- [ABOUT THIS EXERCISE] In the records below, count every line that includes the word "wfrec". Provide the total alone.

- [Dataset entries]
**********

(* For every integer $l\ge1$, let $\mathcal{I}_6(l)$ be the index coding instance on $[4l+1]$ with $A_{2i-1}=\{2j: j\in[2l]\setminus\{i\}\}\cup\{4l+1\}$ and $A_{2i}=\{2i-1\}$ for $i\in[2l]$, and $A_{4l+1}=\{2i-1: i\in[2l]\}$. Then $\beta_{\text{R}}(\mathcal{I}_6(l))=3l+\tfrac12$.
   Context: Recursive scheme for an instance with side-information sets $A_i\subseteq[m]\setminus\{i\}$: set $\beta_{\text{R}}(\{i\})=1$ for all $i\in[m]$, and for $M\subseteq[m]$ with $|M|\ge2$ define recursively $$\beta_{\text{R}}(M)=\min\max_{i\in M}\sum_{j\in[n]:\,M_j\not\subseteq A_i}\gamma_j\,\beta_{\text{R}}(M_j),$$ where the minimum is over finite families of nonempty proper subsets $M_1,\dots,M_n\subsetneq M$ and weights $\gamma_j\in[0,1]$ with $\sum_{j:\,i\in M_j}\gamma_j\ge1$ for every $i\in M$. Then $\beta_{\text{R}}(\mathcal{I})=\beta_{\text{R}}([m])$. *)

theory Defs
  imports Complex_Main
begin

definition valid_family ::
  "nat set \<Rightarrow> nat \<Rightarrow> (nat \<Rightarrow> nat set) \<Rightarrow> (nat \<Rightarrow> real) \<Rightarrow> bool" where
  "valid_family M n Ms g \<longleftrightarrow>
     (\<forall>j<n. Ms j \<noteq> {} \<and> Ms j \<subset> M \<and> 0 \<le> g j \<and> g j \<le> 1) \<and>
     (\<forall>i\<in>M. (\<Sum>j\<in>{j. j < n \<and> i \<in> Ms j}. g j) \<ge> 1)"

definition family_cost ::
  "(nat \<Rightarrow> nat set) \<Rightarrow> (nat set \<Rightarrow> real) \<Rightarrow> nat set \<Rightarrow> nat \<Rightarrow> (nat \<Rightarrow> nat set) \<Rightarrow> (nat \<Rightarrow> real) \<Rightarrow> real" where
  "family_cost A f M n Ms g =
     Max ((\<lambda>i. \<Sum>j\<in>{j. j < n \<and> \<not> Ms j \<subseteq> A i}. g j * f (Ms j)) ` M)"

text \<open>The minimum of the paper is rendered as an infimum (it is attained).\<close>

definition betaR_set :: "(nat \<Rightarrow> nat set) \<Rightarrow> nat set \<Rightarrow> real" where
  "betaR_set A = wfrec finite_psubset
     (\<lambda>f M. if card M = 1 then 1
            else Inf {family_cost A f M n Ms g | n Ms g. valid_family M n Ms g})"

definition betaR :: "nat \<Rightarrow> (nat \<Rightarrow> nat set) \<Rightarrow> real" where
  "betaR m A = betaR_set A {1..m}"

definition I6 :: "nat \<Rightarrow> nat \<Rightarrow> nat set" where
  "I6 l k =
     (if k = 4*l+1 then {2*i - 1 | i. i \<in> {1..2*l}}
      else if odd k then {2*j | j. j \<in> {1..2*l} - {(k+1) div 2}} \<union> {4*l+1}
      else {k - 1})"

end

theory Submission
  imports Defs
begin

text \<open>
  Lower bound: weigh every even user with 1 and every odd user (including \<open>4l+1\<close>) with 1/2,
  for a total of \<open>3l + 1/2\<close>; \<open>\<beta>\<^sub>R(S)\<close> dominates the weight of every nonempty \<open>S\<close>, by induction
  on \<open>S\<close>. If \<open>S\<close> contains at most one even user, then both \<open>S - {4l+1}\<close> and the even users of \<open>S\<close>
  together with \<open>4l+1\<close> are acyclic, and the two acyclic-set bounds average to the weight.
  Otherwise average the cost of a family over the \<open>k \<ge> 2\<close> even users \<open>e\<close> of \<open>S\<close>: a piece
  known to \<open>e\<close> is the singleton \<open>{e-1}\<close> of weight 1/2, so it is still paid for by the other
  \<open>k - 1 \<ge> k/2\<close> even users.

  Upper bound: cut \<open>[4l+1]\<close> into the \<open>2l+1\<close> blocks \<open>{2b+1, 2b+2}\<close>, the last one being \<open>{4l+1}\<close>,
  and take with weight 1/2 the unions of cyclically adjacent blocks. Every user in such a piece
  knows another element of it, so a piece costs at most its size minus one, and the total is
  \<open>(4l+1) - (2l+1)/2\<close>.
\<close>

section \<open>Families and the recursive scheme\<close>

lemma family_cost_cong:
  "(\<And>j. j < n \<Longrightarrow> f (Ms j) = f' (Ms j)) \<Longrightarrow> family_cost A f M n Ms g = family_cost A f' M n Ms g"
  unfolding family_cost_def by (intro arg_cong[where f=Max] image_cong refl sum.cong) auto

lemma valid_familyD:
  assumes "valid_family M n Ms g" "j < n"
  shows "Ms j \<noteq> {}" "Ms j \<subset> M" "0 \<le> g j" "g j \<le> 1"
  using assms unfolding valid_family_def by auto

lemma betaR_set_eq:
  assumes "finite M"
  shows "betaR_set A M = (if card M = 1 then 1 else
     Inf {family_cost A (betaR_set A) M n Ms g | n Ms g. valid_family M n Ms g})"
proof -
  have "family_cost A (cut (betaR_set A) finite_psubset M) M n Ms g = family_cost A (betaR_set A) M n Ms g"
    if "valid_family M n Ms g" for n Ms g
    using assms valid_familyD(2)[OF that]
    by (intro family_cost_cong) (auto simp: finite_psubset_def cut_apply)
  then have "{family_cost A (cut (betaR_set A) finite_psubset M) M n Ms g | n Ms g. valid_family M n Ms g}
     = {family_cost A (betaR_set A) M n Ms g | n Ms g. valid_family M n Ms g}"
    by (intro Collect_cong) metis
  then show ?thesis
    unfolding betaR_set_def by (subst wfrec[OF wf_finite_psubset]) simp
qed

lemma betaR_set_singleton [simp]: "betaR_set A {x} = 1"
  by (simp add: betaR_set_eq)

lemma family_cost_ge:
  assumes "finite M" "i \<in> M"
  shows "(\<Sum>j | j < n \<and> \<not> Ms j \<subseteq> A i. g j * f (Ms j)) \<le> family_cost A f M n Ms g"
  unfolding family_cost_def using assms by (intro Max_ge) auto

lemma family_cost_le_sum:
  assumes "finite M" "M \<noteq> {}" "\<And>j. j < n \<Longrightarrow> 0 \<le> g j * f (Ms j)"
  shows "family_cost A f M n Ms g \<le> (\<Sum>j<n. g j * f (Ms j))"
  unfolding family_cost_def using assms by (intro Max.boundedI) (auto intro!: sum_mono2)

lemma family_cost_nonneg:
  assumes "finite M" "M \<noteq> {}" "\<And>j. j < n \<Longrightarrow> 0 \<le> g j * f (Ms j)"
  shows "0 \<le> family_cost A f M n Ms g"
proof -
  obtain i where "i \<in> M" using assms(2) by blast
  have "0 \<le> (\<Sum>j | j < n \<and> \<not> Ms j \<subseteq> A i. g j * f (Ms j))"
    using assms(3) by (intro sum_nonneg) auto
  also have "\<dots> \<le> family_cost A f M n Ms g"
    using assms(1) \<open>i \<in> M\<close> by (rule family_cost_ge)
  finally show ?thesis .
qed

lemma family_cost_average:
  fixes g :: "nat \<Rightarrow> real"
  assumes "finite M" "K \<subseteq> M"
  shows "(\<Sum>j<n. g j * f (Ms j) * card {e \<in> K. \<not> Ms j \<subseteq> A e}) \<le> card K * family_cost A f M n Ms g"
proof -
  have "finite K" using assms finite_subset by blast
  have "(\<Sum>j<n. g j * f (Ms j) * card {e \<in> K. \<not> Ms j \<subseteq> A e})
      = (\<Sum>j<n. \<Sum>e\<in>K. if \<not> Ms j \<subseteq> A e then g j * f (Ms j) else 0)"
    using \<open>finite K\<close> by (simp add: sum.If_cases Int_def mult.commute)
  also have "\<dots> = (\<Sum>e\<in>K. \<Sum>j | j < n \<and> \<not> Ms j \<subseteq> A e. g j * f (Ms j))"
    by (subst sum.swap) (simp add: sum.If_cases Int_def conj_commute)
  also have "\<dots> \<le> card K * family_cost A f M n Ms g"
    using assms by (intro sum_bounded_above family_cost_ge) auto
  finally show ?thesis .
qed

lemma sum_pieces_swap:
  fixes g w :: "nat \<Rightarrow> real"
  assumes "finite M" "\<And>j. j < n \<Longrightarrow> Ms j \<subseteq> M"
  shows "(\<Sum>j<n. g j * (\<Sum>x\<in>Ms j. w x)) = (\<Sum>x\<in>M. w x * (\<Sum>j | j < n \<and> x \<in> Ms j. g j))"
proof -
  have "g j * (\<Sum>x\<in>Ms j. w x) = (\<Sum>x\<in>M. if x \<in> Ms j then g j * w x else 0)" if "j < n" for j
  proof -
    have "(\<Sum>x\<in>M. if x \<in> Ms j then g j * w x else 0) = (\<Sum>x | x \<in> M \<and> x \<in> Ms j. g j * w x)"
      by (simp add: sum.inter_filter[OF assms(1)])
    also have "{x. x \<in> M \<and> x \<in> Ms j} = Ms j" using assms(2)[OF that] by blast
    finally show ?thesis by (simp add: sum_distrib_left)
  qed
  then have "(\<Sum>j<n. g j * (\<Sum>x\<in>Ms j. w x)) = (\<Sum>j<n. \<Sum>x\<in>M. if x \<in> Ms j then g j * w x else 0)"
    by simp
  also have "\<dots> = (\<Sum>x\<in>M. \<Sum>j<n. if x \<in> Ms j then g j * w x else 0)"
    by (rule sum.swap)
  also have "\<dots> = (\<Sum>x\<in>M. w x * (\<Sum>j | j < n \<and> x \<in> Ms j. g j))"
  proof (rule sum.cong[OF refl])
    fix x
    have "(\<Sum>j<n. if x \<in> Ms j then g j * w x else 0) = (\<Sum>j | j \<in> {..<n} \<and> x \<in> Ms j. g j * w x)"
      by (rule sum.inter_filter[OF finite_lessThan, symmetric])
    also have "{j. j \<in> {..<n} \<and> x \<in> Ms j} = {j. j < n \<and> x \<in> Ms j}" by auto
    finally show "(\<Sum>j<n. if x \<in> Ms j then g j * w x else 0) = w x * (\<Sum>j | j < n \<and> x \<in> Ms j. g j)"
      by (simp add: sum_distrib_left mult.commute)
  qed
  finally show ?thesis .
qed

lemma sum_le_sum_pieces:
  fixes w :: "nat \<Rightarrow> real"
  assumes "valid_family M n Ms g" "finite M" "\<And>x. x \<in> M \<Longrightarrow> 0 \<le> w x"
  shows "(\<Sum>x\<in>M. w x) \<le> (\<Sum>j<n. g j * (\<Sum>x\<in>Ms j. w x))"
proof -
  have "w x \<le> w x * (\<Sum>j | j < n \<and> x \<in> Ms j. g j)" if "x \<in> M" for x
  proof -
    have "1 \<le> (\<Sum>j | j < n \<and> x \<in> Ms j. g j)"
      using assms(1) that unfolding valid_family_def by blast
    then show ?thesis using mult_left_mono[OF _ assms(3)[OF that]] by fastforce
  qed
  then have "(\<Sum>x\<in>M. w x) \<le> (\<Sum>x\<in>M. w x * (\<Sum>j | j < n \<and> x \<in> Ms j. g j))"
    by (rule sum_mono)
  also have "\<dots> = (\<Sum>j<n. g j * (\<Sum>x\<in>Ms j. w x))"
    using assms valid_familyD(2) by (intro sum_pieces_swap[symmetric]) blast+
  finally show ?thesis .
qed

lemma card_le_sum_pieces_not_within:
  assumes "valid_family S n Ms g" "finite S" "B \<inter> (S \<inter> X) = {}"
  shows "real (card (S \<inter> X)) \<le> (\<Sum>j | j < n \<and> \<not> Ms j \<subseteq> B. g j * real (card (Ms j \<inter> X)))"
proof -
  have pieces_sub: "Ms j \<subseteq> S" if "j < n" for j
    using valid_familyD(2)[OF assms(1) that] by blast
  have "real (card (S \<inter> X)) = (\<Sum>x\<in>S. of_bool (x \<in> X))"
    using assms(2) by simp
  also have "\<dots> \<le> (\<Sum>j<n. g j * (\<Sum>x\<in>Ms j. of_bool (x \<in> X)))"
    using sum_le_sum_pieces[OF assms(1,2), of "\<lambda>x. of_bool (x \<in> X)"] by simp
  also have "\<dots> = (\<Sum>j | j < n \<and> \<not> Ms j \<subseteq> B. g j * real (card (Ms j \<inter> X)))"
  proof (rule sum.mono_neutral_cong_right)
    show "\<forall>j\<in>{..<n} - {j. j < n \<and> \<not> Ms j \<subseteq> B}. g j * (\<Sum>x\<in>Ms j. of_bool (x \<in> X)) = 0"
    proof
      fix j assume "j \<in> {..<n} - {j. j < n \<and> \<not> Ms j \<subseteq> B}"
      then have "Ms j \<subseteq> B" "Ms j \<subseteq> S" using pieces_sub by auto
      then have "Ms j \<inter> X = {}" using assms(3) by blast
      then show "g j * (\<Sum>x\<in>Ms j. of_bool (x \<in> X)) = 0" by (simp add: disjoint_iff)
    qed
    show "g j * (\<Sum>x\<in>Ms j. of_bool (x \<in> X)) = g j * real (card (Ms j \<inter> X))"
      if "j \<in> {j. j < n \<and> \<not> Ms j \<subseteq> B}" for j
      using that finite_subset[OF pieces_sub assms(2)] by simp
  qed auto
  finally show ?thesis .
qed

**********

- [WRITTEN RESPONSE] 2